lemma arc_connected:
  assumes "a \<le> b" "{a..b} \<subseteq> indices P"
  shows "(e a, e b) \<in> (edges_in P)\<^sup>*"
proof -
  have step: "(e m, e (Suc m)) \<in> edges_in P" if "a \<le> m" "m < b" for m
    using that assms(2) by (auto simp: edges_in_def indices_def edge_e_iff subset_iff)
  have "(e a, e (a + k)) \<in> (edges_in P)\<^sup>*" if "a + k \<le> b" for k
    using that
  proof (induction k)
    case (Suc k)
    then show ?case
      using step[of "a + k"] by (simp add: rtrancl_into_rtrancl)
  qed simp
  then show ?thesis
    using assms(1) by (metis le_add_diff_inverse order_refl)
qed

lemma wrap_arc_connected:
  assumes "a \<le> b" "b < card R" "{b..<card R} \<union> {..a} \<subseteq> indices P"
  shows "(e b, e a) \<in> (edges_in P)\<^sup>*"
proof -
  note b = assms(2)
  show ?thesis
  proof (cases "card R - 1 = 0")
    case True
    then have "a = b"
      using assms(1) b by linarith
    then show ?thesis
      by simp
  next
    case False
    have "{b..card R - 1} \<subseteq> {b..<card R}"
      using b by auto
    then have "(e b, e (card R - 1)) \<in> (edges_in P)\<^sup>*"
      using assms b by (intro arc_connected) auto
    moreover have "(e (card R - 1), e 0) \<in> edges_in P"
    proof -
      have "card R - 1 \<in> {b..<card R}"
        using b by auto
      then have "card R - 1 \<in> indices P" "0 \<in> indices P"
        using assms(3) by auto
      then show ?thesis
        using False by (auto simp: edges_in_def indices_def edge_e_iff insert_commute)
    qed
    moreover have "(e 0, e a) \<in> (edges_in P)\<^sup>*"
      using assms by (intro arc_connected) auto
    ultimately show ?thesis
      by (meson rtrancl_into_rtrancl rtrancl_trans)
  qed
qed
theorem theorem3p11:
  fixes a b :: real and N k :: nat
    and xI :: "nat \<Rightarrow> real" and x A :: "nat \<Rightarrow> nat \<Rightarrow> real"
    and ut :: "nat \<Rightarrow> real poly"
    and fhat :: "nat \<Rightarrow> nat \<Rightarrow> real" and fI :: "nat \<Rightarrow> real"
  assumes "mesh a b N k xI x"
    and "assumption_S N k xI x A"
    and "in_Vk N k ut"
    and "\<forall>i<N. fhat i 0 = fI i \<and> fhat i (Suc k) = fI (Suc i)"
  shows "(\<forall>ws :: nat \<Rightarrow> nat \<Rightarrow> real.
            ip_star_fun N k x ut ws = (\<Sum>i<N. \<Sum>j\<le>k. ws i j * (fhat i j - fhat i (Suc j))))
         \<longleftrightarrow>
         (\<forall>w :: nat \<Rightarrow> real poly. in_Vk N k w \<longrightarrow>
            ip_star N k A x ut w =
              (\<Sum>i<N. (\<Sum>j\<le>Suc k. A i j * fhat i j * poly (pderiv (w i)) (x i j))
                 + poly (w i) (xI i) * fI i - poly (w i) (xI (Suc i)) * fI (Suc i)))"
proof -
  have cells: "\<And>i. i < N \<Longrightarrow> spectral_volume_cell k (xI i) (xI (Suc i)) (x i) (A i)"
    using assms(1,2) by (rule mesh_spectral_volume_cell)
  define avg where "avg i j = integral {x i j .. x i (Suc j)} (poly (ut i))" for i j
  define flux where "flux i j = fhat i j - fhat i (Suc j)" for i j
  have flux_form: "(\<Sum>i<N. \<Sum>j\<le>k. Mstar A x w i j * flux i j) =
      (\<Sum>i<N. (\<Sum>j\<le>Suc k. A i j * fhat i j * poly (pderiv (w i)) (x i j))
                 + poly (w i) (xI i) * fI i - poly (w i) (xI (Suc i)) * fI (Suc i))" if "in_Vk N k w" for w
    using that assms(4) spectral_volume_cell.Mstar_summation_by_parts[OF cells]
    by (intro sum.cong refl) (auto simp: in_Vk_def flux_def Mstar_eq_cell_Mstar)
  have "(\<forall>ws. ip_star_fun N k x ut ws = (\<Sum>i<N. \<Sum>j\<le>k. ws i j * flux i j))
      \<longleftrightarrow> (\<forall>i<N. \<forall>j\<le>k. avg i j = flux i j)"
    unfolding ip_star_fun_def avg_def[symmetric] by (rule sum_weighted_eq_iff)
  also have "\<dots> \<longleftrightarrow> (\<forall>w. in_Vk N k w \<longrightarrow>
      (\<Sum>i<N. \<Sum>j\<le>k. Mstar A x w i j * avg i j) = (\<Sum>i<N. \<Sum>j\<le>k. Mstar A x w i j * flux i j))"
    using cells by (rule Mstar_weighted_eq_iff[symmetric])
  finally show ?thesis
    unfolding flux_def[symmetric] by (simp add: ip_star_def ip_star_fun_def avg_def flux_form)
qed
lemma incseq_trunc_makespan: "incseq (\<lambda>N. trunc_makespan N cs t p \<omega>)"
  by (rule incseq_SucI) (rule trunc_makespan_Suc_mono)

abbreviation state_space :: "(real \<times> real \<times> (nat \<Rightarrow> real)) measure" where
  "state_space \<equiv> borel \<Otimes>\<^sub>M borel \<Otimes>\<^sub>M Exp_seq.S"

lemma measurable_trunc_makespan_state_space:
  "(\<lambda>x. trunc_makespan N cs (fst x) (fst (snd x)) (snd (snd x))) \<in> borel_measurable state_space"
proof (induction N cs rule: restart_list_induct)
  case (Cons N c cs)
  have step: "(\<lambda>x. (fst x + c, fst (snd x), snd (snd x))) \<in> measurable state_space state_space"
    by measurable
  have [measurable]: "(\<lambda>x. trunc_makespan N cs (fst x + c) (fst (snd x)) (snd (snd x))) \<in> borel_measurable state_space"
    using measurable_compose[OF step Cons.IH(1)] by simp
  have complete: "(\<lambda>x. ennreal c + trunc_makespan N cs (fst x + c) (fst (snd x)) (snd (snd x)))
      \<in> borel_measurable state_space"
    by measurable
  have restart: "(\<lambda>x. case N of 0 \<Rightarrow> 0 | Suc M \<Rightarrow> ennreal (Lam_inv (fst (snd x)) - fst x) +
      trunc_makespan M (c # cs) (Lam_inv (fst (snd x))) (fst (snd x) + snd (snd x) 0) (\<lambda>i. snd (snd x) (Suc i)))
    \<in> borel_measurable state_space"
  proof (cases N)
    case (Suc M)
    have shift: "(\<lambda>x. (Lam_inv (fst (snd x)), fst (snd x) + snd (snd x) 0, \<lambda>i. snd (snd x) (Suc i)))
        \<in> measurable state_space state_space"
      by measurable
    have [measurable]: "(\<lambda>x. trunc_makespan M (c # cs) (Lam_inv (fst (snd x))) (fst (snd x) + snd (snd x) 0)
        (\<lambda>i. snd (snd x) (Suc i))) \<in> borel_measurable state_space"
      using measurable_compose[OF shift Cons.IH(2)[OF Suc]] by simp
    show ?thesis
      unfolding Suc nat.case by measurable
  qed simp
  have "{x \<in> space state_space. Lam (fst x + c) \<le> fst (snd x)} \<in> sets state_space"
    by measurable
  from measurable_If[OF complete restart this] show ?case
    unfolding trunc_makespan.simps(2)[of N c cs] by simp
qed simp

lemma measurable_trunc_makespan [measurable]:
  assumes [measurable]: "f \<in> borel_measurable M" "g \<in> borel_measurable M" "h \<in> measurable M Exp_seq.S"
  shows "(\<lambda>x. trunc_makespan N cs (f x) (g x) (h x)) \<in> borel_measurable M"
  using measurable_compose[OF _ measurable_trunc_makespan_state_space, of "\<lambda>x. (f x, g x, h x)"] by simp

definition trunc_exp_at_level :: "nat \<Rightarrow> real list \<Rightarrow> real \<Rightarrow> real \<Rightarrow> ennreal" where
  "trunc_exp_at_level N cs t p = (\<integral>\<^sup>+ \<omega>. trunc_makespan N cs t p \<omega> \<partial>Exp_seq.S)"

definition trunc_exp :: "nat \<Rightarrow> real list \<Rightarrow> real \<Rightarrow> ennreal" where
  "trunc_exp N cs t = (\<integral>\<^sup>+ \<omega>. trunc_makespan N cs t (Lam t + \<omega> 0) (\<lambda>i. \<omega> (Suc i)) \<partial>Exp_seq.S)"

lemma borel_measurable_trunc_exp_at_level [measurable]:
  "(\<lambda>p. trunc_exp_at_level N cs t p) \<in> borel_measurable borel"
  unfolding trunc_exp_at_level_def by (rule Exp_seq.borel_measurable_nn_integral) (simp add: case_prod_beta)

lemma borel_measurable_trunc_exp [measurable]: "(\<lambda>t. trunc_exp N cs t) \<in> borel_measurable borel"
  unfolding trunc_exp_def by (rule Exp_seq.borel_measurable_nn_integral) (simp add: case_prod_beta)

lemma trunc_exp_eq_level_integral:
  "trunc_exp N cs t = (\<integral>\<^sup>+ s. ennreal (exponential_density 1 s) * trunc_exp_at_level N cs t (Lam t + s) \<partial>lborel)"
proof -
  have "trunc_exp N cs t
      = (\<integral>\<^sup>+ \<omega>. trunc_makespan N cs t (Lam t + \<omega> 0) (\<lambda>i. \<omega> (Suc i))
          \<partial>distr (Exp1 \<Otimes>\<^sub>M Exp_seq.S) Exp_seq.S (\<lambda>(s, \<omega>). case_nat s \<omega>))"
    unfolding trunc_exp_def Exp_seq.PiM_iter ..
  also have "\<dots> = (\<integral>\<^sup>+ x. trunc_makespan N cs t (Lam t + fst x) (snd x) \<partial>(Exp1 \<Otimes>\<^sub>M Exp_seq.S))"
    by (subst nn_integral_distr) (auto simp: case_prod_beta)
  also have "\<dots> = (\<integral>\<^sup>+ s. trunc_exp_at_level N cs t (Lam t + s) \<partial>Exp1)"
    by (subst Exp_seq.nn_integral_fst[symmetric]) (simp_all add: trunc_exp_at_level_def)
  also have "\<dots> = (\<integral>\<^sup>+ s. ennreal (exponential_density 1 s) * trunc_exp_at_level N cs t (Lam t + s) \<partial>lborel)"
    by (rule nn_integral_density) auto
  finally show ?thesis .
qed

lemma trunc_exp_at_level_complete:
  assumes "Lam (t + c) \<le> p"
  shows "trunc_exp_at_level N (c # cs) t p = ennreal c + trunc_exp_at_level N cs (t + c) p"
proof -
  have "trunc_exp_at_level N (c # cs) t p = (\<integral>\<^sup>+ \<omega>. ennreal c + trunc_makespan N cs (t + c) p \<omega> \<partial>Exp_seq.S)"
    unfolding trunc_exp_at_level_def using assms by (intro nn_integral_cong) (simp add: trunc_makespan_complete)
  also have "\<dots> = ennreal c + trunc_exp_at_level N cs (t + c) p"
    by (simp add: nn_integral_add trunc_exp_at_level_def Exp_seq.emeasure_space_1)
  finally show ?thesis .
qed

lemma trunc_exp_at_level_restart:
  assumes "p < Lam (t + c)" "0 \<le> p"
  shows "trunc_exp_at_level (Suc M) (c # cs) t p = ennreal (Lam_inv p - t) + trunc_exp M (c # cs) (Lam_inv p)"
proof -
  have "trunc_exp_at_level (Suc M) (c # cs) t p = (\<integral>\<^sup>+ \<omega>. ennreal (Lam_inv p - t) +
      trunc_makespan M (c # cs) (Lam_inv p) (p + \<omega> 0) (\<lambda>i. \<omega> (Suc i)) \<partial>Exp_seq.S)"
    unfolding trunc_exp_at_level_def using assms by (intro nn_integral_cong) (simp add: trunc_makespan_restart)
  also have "\<dots> = ennreal (Lam_inv p - t) + trunc_exp M (c # cs) (Lam_inv p)"
    using assms by (simp add: nn_integral_add trunc_exp_def Lam_Lam_inv Exp_seq.emeasure_space_1)
  finally show ?thesis .
qed

lemma trunc_exp_at_level_exhausted: "p < Lam (t + c) \<Longrightarrow> trunc_exp_at_level 0 (c # cs) t p = 0"
  by (simp add: trunc_exp_at_level_def trunc_makespan_exhausted)

lemma trunc_exp_at_level_Cons:
  assumes "0 \<le> t" "0 \<le> s"
  shows "trunc_exp_at_level N (c # cs) t (Lam t + s) =
    (if s < Lam (t + c) - Lam t then
       (case N of 0 \<Rightarrow> 0 | Suc M \<Rightarrow> ennreal (Lam_inv (Lam t + s) - t) + trunc_exp M (c # cs) (Lam_inv (Lam t + s)))
     else ennreal c + trunc_exp_at_level N cs (t + c) (Lam t + s))"
  using Lam_nonneg[of t] assms
  by (cases N) (auto simp: trunc_exp_at_level_exhausted trunc_exp_at_level_restart trunc_exp_at_level_complete)

lemma trunc_exp_Nil [simp]: "trunc_exp N [] t = 0"
  by (simp add: trunc_exp_def)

+ + +

* **Work required**
Each line containing "moreover" belongs in the answer; pick these out of the material and copy them.

* **Output of the exercise**
    moreover have "(e (card R - 1), e 0) \<in> edges_in P"
    moreover have "(e 0, e a) \<in> (edges_in P)\<^sup>*"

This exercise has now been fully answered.